_EXERCISE DETAILS_
In the data below, find the line containing "- y :: real", then set down that line and every later line up to and including the line containing "v))\<^sup>2 = (\<Sum>i\<in>UNIV.", exactly.

[Entries taken from a collection]
(* Suppose $l$ is $(M,m)$-(restricted smooth, restricted strongly concave) on $\Omega_{2k}$. Then for all subsets $\mathsf{S},\mathsf{T}\subseteq[n]$ of size at most $k$, $$\frac{M}{m}f_{\mathsf{S}}(\mathsf{T})\ \ge\ \sum_{j\in\mathsf{T}}f_{\mathsf{S}}(j)\ \ge\ \frac{m}{M}f_{\mathsf{S}}(\mathsf{T}).$$
   Context: $\Omega_r=\{(\mathbf{x},\mathbf{y})\in\mathbb{R}^n\times\mathbb{R}^n:\|\mathbf{x}\|_0\le r,\|\mathbf{y}\|_0\le r,\|\mathbf{x}-\mathbf{y}\|_0\le r\}$. A differentiable $l:\mathbb{R}^n\to\mathbb{R}$ is $(M,m)$-(restricted smooth, restricted strongly concave) on $\Omega_r$ if for all $(\mathbf{x},\mathbf{y})\in\Omega_r$: $-\tfrac{m}{2}\|\mathbf{y}-\mathbf{x}\|_2^2\ge l(\mathbf{y})-l(\mathbf{x})-\langle\nabla l(\mathbf{x}),\mathbf{y}-\mathbf{x}\rangle\ge -\tfrac{M}{2}\|\mathbf{y}-\mathbf{x}\|_2^2$, with $m,M>0$. For $\mathsf{S}\subseteq[n]$, $\boldsymbol\beta^{(\mathsf{S})}$ is a maximizer of $l$ over vectors supported in $\mathsf{S}$, $f(\mathsf{S})=l(\boldsymbol\beta^{(\mathsf{S})})-l(\mathbf{0})$, $f_{\mathsf{S}}(\mathsf{T})=f(\mathsf{S}\cup\mathsf{T})-f(\mathsf{S})$ and $f_{\mathsf{S}}(j)=f_{\mathsf{S}}(\{j\})$. *)

theory Defs
  imports "HOL-Analysis.Analysis"
begin

text \<open>Vectors in R^n are modelled as real ^ 'n; the index set [n] is UNIV :: 'n set.\<close>

definition supp :: "real ^ 'n \<Rightarrow> 'n set" where
  "supp x = {i. x $ i \<noteq> 0}"

definition l0norm :: "real ^ 'n \<Rightarrow> nat" where
  "l0norm x = card (supp x)"

definition Omega :: "nat \<Rightarrow> ((real ^ 'n) \<times> (real ^ 'n)) set" where
  "Omega r = {(x, y). l0norm x \<le> r \<and> l0norm y \<le> r \<and> l0norm (x - y) \<le> r}"

text \<open>Inner product of the gradient of l at x with v is the Frechet derivative of l at x applied to v.\<close>
definition RSM_RSC :: "real \<Rightarrow> real \<Rightarrow> (real ^ 'n \<Rightarrow> real) \<Rightarrow> nat \<Rightarrow> bool" where
  "RSM_RSC M m l r \<longleftrightarrow> m > 0 \<and> M > 0 \<and> (\<forall>x. l differentiable (at x)) \<and>
     (\<forall>(x, y) \<in> Omega r.
        - (m / 2) * (norm (y - x))\<^sup>2 \<ge> l y - l x - frechet_derivative l (at x) (y - x) \<and>
        l y - l x - frechet_derivative l (at x) (y - x) \<ge> - (M / 2) * (norm (y - x))\<^sup>2)"

definition beta :: "(real ^ 'n \<Rightarrow> real) \<Rightarrow> 'n set \<Rightarrow> real ^ 'n" where
  "beta l S = (SOME b. supp b \<subseteq> S \<and> (\<forall>z. supp z \<subseteq> S \<longrightarrow> l z \<le> l b))"

definition fset :: "(real ^ 'n \<Rightarrow> real) \<Rightarrow> 'n set \<Rightarrow> real" where
  "fset l S = l (beta l S) - l 0"

definition fmarg :: "(real ^ 'n \<Rightarrow> real) \<Rightarrow> 'n set \<Rightarrow> 'n set \<Rightarrow> real" where
  "fmarg l S T = fset l (S \<union> T) - fset l S"

end

theory Submission imports Defs begin

text \<open>Let \<open>G(T)\<close> be the squared norm of the gradient of \<open>l\<close> at \<open>\<beta>(S)\<close>
  restricted to the coordinates \<open>T - S\<close>; by optimality of \<open>\<beta>(S)\<close> the gradient vanishes on
  \<open>S\<close>. A gradient step of length \<open>1/M\<close> (restricted smoothness) shows
  \<open>f\<^sub>S(T) \<ge> G(T)/(2M)\<close>, and completing the square in the restricted strong concavity bound
  shows \<open>f\<^sub>S(T) \<le> G(T)/(2m)\<close>. Since \<open>G\<close> is additive over the coordinates, the same sandwich
  holds for \<open>\<Sum>\<^sub>j\<^sub>\<in>\<^sub>T f\<^sub>S(j)\<close>, and comparing the two sandwiches gives the ratios \<open>M/m\<close> and \<open>m/M\<close>.\<close>

lemma supp_diff: "supp (x - y :: real ^ 'n) \<subseteq> supp x \<union> supp y"
  unfolding supp_def by auto

lemma supp_add: "supp (x + y :: real ^ 'n) \<subseteq> supp x \<union> supp y"
  unfolding supp_def by auto

lemma supp_scaleR: "supp (c *\<^sub>R x :: real ^ 'n) \<subseteq> supp x"
  unfolding supp_def by auto

lemma l0norm_le_card: "supp x \<subseteq> L \<Longrightarrow> l0norm x \<le> card L"
  unfolding l0norm_def by (simp add: card_mono)

lemma Omega_memI:
  assumes "supp x \<subseteq> L" "supp y \<subseteq> L" "card L \<le> r"
  shows "(x, y) \<in> Omega r"
proof -
  have "supp (x - y) \<subseteq> L" using assms(1,2) supp_diff[of x y] by blast
  then show ?thesis
    using assms l0norm_le_card[of x L] l0norm_le_card[of y L] l0norm_le_card[of "x - y" L]
    unfolding Omega_def by auto
qed

definition coord_restrict :: "'n set \<Rightarrow> real ^ 'n \<Rightarrow> real ^ 'n" where
  "coord_restrict I v = (\<chi> i. if i \<in> I then v $ i else 0)"

lemma supp_coord_restrict: "supp (coord_restrict I v) \<subseteq> I"
  unfolding supp_def coord_restrict_def by auto

lemma inner_coord_restrict:
  assumes "supp d \<subseteq> I"
  shows "inner v d = inner (coord_restrict I v) d"
proof -
  have "d $ i = 0" if "i \<notin> I" for i using assms that unfolding supp_def by blast
  then show ?thesis unfolding inner_vec_def coord_restrict_def by (intro sum.cong) auto
qed

lemma power2_norm_coord_restrict:
  "(norm (coord_restrict I v))\<^sup>2 = (\<Sum>i\<in>I. (v $ i)\<^sup>2)"
proof -
  have "inner (coord_restrict I v) (coord_restrict I v) = (norm (coord_restrict I v))\<^sup>2"
    by (rule dot_square_norm)
  then have "(norm (coord_restrict I v))\<^sup>2 = (\<Sum>i\<in>UNIV. (coord_restrict I v $ i)\<^sup>2)"
    by (simp add: inner_vec_def power2_eq_square)
  also have "\<dots> = (\<Sum>i\<in>UNIV. if i \<in> I then (v $ i)\<^sup>2 else 0)"
    by (intro sum.cong) (auto simp: coord_restrict_def)
  also have "\<dots> = (\<Sum>i\<in>I. (v $ i)\<^sup>2)"
    by (simp add: sum.If_cases)
  finally show ?thesis .
qed

lemma inner_coord_restrict_self:
  "inner v (coord_restrict I v) = (norm (coord_restrict I v))\<^sup>2"
proof -
  have "inner v (coord_restrict I v) = inner (coord_restrict I v) (coord_restrict I v)"
    by (rule inner_coord_restrict[OF supp_coord_restrict])
  then show ?thesis by (simp add: dot_square_norm)
qed

definition grad :: "(real ^ 'n \<Rightarrow> real) \<Rightarrow> real ^ 'n \<Rightarrow> real ^ 'n" where
  "grad l x = (\<chi> i. frechet_derivative l (at x) (axis i 1))"

lemma linear_eq_sum_axis:
  fixes f :: "real ^ 'n \<Rightarrow> real"
  assumes "linear f"
  shows "f x = (\<Sum>i\<in>UNIV. x $ i * f (axis i 1))"
proof -
  have "f x = f (\<Sum>i\<in>UNIV. x $ i *\<^sub>R axis i 1)"
    using basis_expansion[of x] by (simp add: scalar_mult_eq_scaleR)
  also have "\<dots> = (\<Sum>i\<in>UNIV. x $ i * f (axis i 1))"
    using assms by (simp add: linear_sum linear_scale)
  finally show ?thesis .
qed

lemma frechet_derivative_eq_inner_grad:
  assumes "l differentiable (at x)"
  shows "frechet_derivative l (at x) v = inner (grad l x) v"
proof -
  have "linear (frechet_derivative l (at x))"
    using assms frechet_derivative_works has_derivative_linear by blast
  then show ?thesis
    unfolding grad_def inner_vec_def by (simp add: linear_eq_sum_axis[of _ v] mult.commute)
qed

lemma RSM_RSC_pos: "RSM_RSC M m l r \<Longrightarrow> 0 < m \<and> 0 < M"
  unfolding RSM_RSC_def by blast

lemma RSM_RSC_upper:
  assumes "RSM_RSC M m l r" "(x, y) \<in> Omega r"
  shows "l y \<le> l x + inner (grad l x) (y - x) - m / 2 * (norm (y - x))\<^sup>2"
  using assms frechet_derivative_eq_inner_grad[of l x "y - x"]
  unfolding RSM_RSC_def by fastforce

lemma RSM_RSC_lower:
  assumes "RSM_RSC M m l r" "(x, y) \<in> Omega r"
  shows "l x + inner (grad l x) (y - x) - M / 2 * (norm (y - x))\<^sup>2 \<le> l y"
  using assms frechet_derivative_eq_inner_grad[of l x "y - x"]
  unfolding RSM_RSC_def by fastforce

lemma inner_minus_quadratic_le:
  fixes h d :: "'a :: real_inner"
  assumes "0 < m"
  shows "inner h d - m / 2 * (norm d)\<^sup>2 \<le> (norm h)\<^sup>2 / (2 * m)"
proof -
  have "m * inner h d = inner h (m *\<^sub>R d)" by simp
  also have "\<dots> = ((norm h)\<^sup>2 + (norm (m *\<^sub>R d))\<^sup>2 - (norm (h - m *\<^sub>R d))\<^sup>2) / 2"
    by (rule dot_norm_neg)
  also have "\<dots> \<le> ((norm h)\<^sup>2 + m\<^sup>2 * (norm d)\<^sup>2) / 2"
    using assms by (simp add: power_mult_distrib)
  finally show ?thesis using assms by (simp add: field_simps power2_eq_square)
qed

lemma RSM_RSC_gain_le:
  assumes "RSM_RSC M m l r" "supp x \<subseteq> L" "supp y \<subseteq> L" "card L \<le> r"
  shows "l y \<le> l x + (norm (coord_restrict L (grad l x)))\<^sup>2 / (2 * m)"
proof -
  have "supp (y - x) \<subseteq> L" using assms(2,3) supp_diff[of y x] by blast
  then have "inner (grad l x) (y - x) = inner (coord_restrict L (grad l x)) (y - x)"
    by (rule inner_coord_restrict)
  moreover have "l y \<le> l x + inner (grad l x) (y - x) - m / 2 * (norm (y - x))\<^sup>2"
    using RSM_RSC_upper[OF assms(1) Omega_memI[OF assms(2-4)]] .
  ultimately show ?thesis
    using inner_minus_quadratic_le[of m "coord_restrict L (grad l x)" "y - x"]
      RSM_RSC_pos[OF assms(1)] by linarith
qed

lemma RSM_RSC_gradient_step:
  assumes "RSM_RSC M m l r" "supp x \<subseteq> L" "I \<subseteq> L" "card L \<le> r"
  defines "w \<equiv> (1 / M) *\<^sub>R coord_restrict I (grad l x)"
  shows "supp (x + w) \<subseteq> L"
    and "l x + (norm (coord_restrict I (grad l x)))\<^sup>2 / (2 * M) \<le> l (x + w)"
proof -
  show xw: "supp (x + w) \<subseteq> L"
    using assms(2,3) supp_add[of x w] supp_scaleR supp_coord_restrict unfolding w_def by blast
  have M: "0 < M" using RSM_RSC_pos[OF assms(1)] by blast
  have "l x + inner (grad l x) w - M / 2 * (norm w)\<^sup>2 \<le> l (x + w)"
    using RSM_RSC_lower[OF assms(1) Omega_memI[OF assms(2) xw assms(4)]] by simp
  moreover have "inner (grad l x) w - M / 2 * (norm w)\<^sup>2
      = (norm (coord_restrict I (grad l x)))\<^sup>2 / (2 * M)"
    using M unfolding w_def
    by (simp add: inner_coord_restrict_self power2_eq_square field_simps)
  ultimately show "l x + (norm (coord_restrict I (grad l x)))\<^sup>2 / (2 * M) \<le> l (x + w)"
    by linarith
qed

lemma closed_supp_subset: "closed {z :: real ^ 'n. supp z \<subseteq> L}"
proof -
  have "{z :: real ^ 'n. supp z \<subseteq> L} = (\<Inter>i\<in>-L. {z. z $ i = 0})"
    unfolding supp_def by auto
  then show ?thesis by (simp add: closed_INT closed_Collect_eq
        continuous_on_component)
qed

text \<open>Restricted strong concavity makes \<open>l\<close> coercive on the subspace of vectors supported
  in \<open>L\<close>, so the supremum is attained on a ball.\<close>
lemma RSM_RSC_maximizer_exists:
  assumes "RSM_RSC M m l r" "card L \<le> r"
  shows "\<exists>b. supp b \<subseteq> L \<and> (\<forall>z. supp z \<subseteq> L \<longrightarrow> l z \<le> l b)"
proof -
  have m: "0 < m" using RSM_RSC_pos[OF assms(1)] by blast
  define g where "g = grad l 0"
  have up: "l z \<le> l 0 + norm g * norm z - m / 2 * (norm z)\<^sup>2" if "supp z \<subseteq> L" for z
    using RSM_RSC_upper[OF assms(1) Omega_memI[of 0 L z r]] that assms(2)
      norm_cauchy_schwarz[of g z] unfolding g_def supp_def by force
  define C where "C = {z. supp z \<subseteq> L} \<inter> cball 0 (2 * norm g / m)"
  have "compact C" unfolding C_def by (intro closed_Int_compact closed_supp_subset compact_cball)
  moreover have "0 \<in> C" using m unfolding C_def supp_def by simp
  moreover have "continuous_on C l"
    using assms(1) unfolding RSM_RSC_def
    by (meson continuous_at_imp_continuous_on differentiable_imp_continuous_within)
  ultimately obtain b where b: "b \<in> C" "\<And>y. y \<in> C \<Longrightarrow> l y \<le> l b"
    using continuous_attains_sup by (metis empty_iff)
  have "l z \<le> l b" if z: "supp z \<subseteq> L" for z
  proof (cases "norm z \<le> 2 * norm g / m")
    case True
    then show ?thesis using z b(2) unfolding C_def by simp
  next
    case False
    then have "norm g * norm z < m / 2 * norm z * norm z"
      using m by (intro mult_strict_right_mono) (auto simp: field_simps)
    then have "l z \<le> l 0" using up[OF z] by (simp add: power2_eq_square)
    also have "l 0 \<le> l b" using b(2) \<open>0 \<in> C\<close> by blast
    finally show ?thesis .
  qed
  then show ?thesis using b(1) unfolding C_def by blast
qed

lemma
  assumes "RSM_RSC M m l r" "card L \<le> r"
  shows supp_beta: "supp (beta l L) \<subseteq> L"
    and beta_maximal: "supp z \<subseteq> L \<Longrightarrow> l z \<le> l (beta l L)"
  using someI_ex[OF RSM_RSC_maximizer_exists[OF assms]] unfolding beta_def by blast+

lemma grad_beta_vanishes:
  assumes "RSM_RSC M m l r" "card S \<le> r" "i \<in> S"
  shows "grad l (beta l S) $ i = 0"
proof -
  let ?b = "beta l S"
  have "{i} \<subseteq> S" using assms(3) by blast
  note step = RSM_RSC_gradient_step[OF assms(1) supp_beta[OF assms(1,2)] this assms(2)]
  have "l ?b + (grad l ?b $ i)\<^sup>2 / (2 * M) \<le> l ?b"
    using step(2) beta_maximal[OF assms(1,2) step(1)] by (simp add: power2_norm_coord_restrict)
  then show ?thesis using RSM_RSC_pos[OF assms(1)] by (simp add: field_simps)
qed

_RESULT OF THIS TASK_
lemma supp_diff: "supp (x - y :: real ^ 'n) \<subseteq> supp x \<union> supp y"
  unfolding supp_def by auto

lemma supp_add: "supp (x + y :: real ^ 'n) \<subseteq> supp x \<union> supp y"
  unfolding supp_def by auto

lemma supp_scaleR: "supp (c *\<^sub>R x :: real ^ 'n) \<subseteq> supp x"
  unfolding supp_def by auto

lemma l0norm_le_card: "supp x \<subseteq> L \<Longrightarrow> l0norm x \<le> card L"
  unfolding l0norm_def by (simp add: card_mono)

lemma Omega_memI:
  assumes "supp x \<subseteq> L" "supp y \<subseteq> L" "card L \<le> r"
  shows "(x, y) \<in> Omega r"
proof -
  have "supp (x - y) \<subseteq> L" using assms(1,2) supp_diff[of x y] by blast
  then show ?thesis
    using assms l0norm_le_card[of x L] l0norm_le_card[of y L] l0norm_le_card[of "x - y" L]
    unfolding Omega_def by auto
qed

definition coord_restrict :: "'n set \<Rightarrow> real ^ 'n \<Rightarrow> real ^ 'n" where
  "coord_restrict I v = (\<chi> i. if i \<in> I then v $ i else 0)"

lemma supp_coord_restrict: "supp (coord_restrict I v) \<subseteq> I"
  unfolding supp_def coord_restrict_def by auto

lemma inner_coord_restrict:
  assumes "supp d \<subseteq> I"
  shows "inner v d = inner (coord_restrict I v) d"
proof -
  have "d $ i = 0" if "i \<notin> I" for i using assms that unfolding supp_def by blast
  then show ?thesis unfolding inner_vec_def coord_restrict_def by (intro sum.cong) auto
qed

lemma power2_norm_coord_restrict:
  "(norm (coord_restrict I v))\<^sup>2 = (\<Sum>i\<in>I. (v $ i)\<^sup>2)"
proof -
  have "inner (coord_restrict I v) (coord_restrict I v) = (norm (coord_restrict I v))\<^sup>2"
    by (rule dot_square_norm)
  then have "(norm (coord_restrict I v))\<^sup>2 = (\<Sum>i\<in>UNIV. (coord_restrict I v $ i)\<^sup>2)"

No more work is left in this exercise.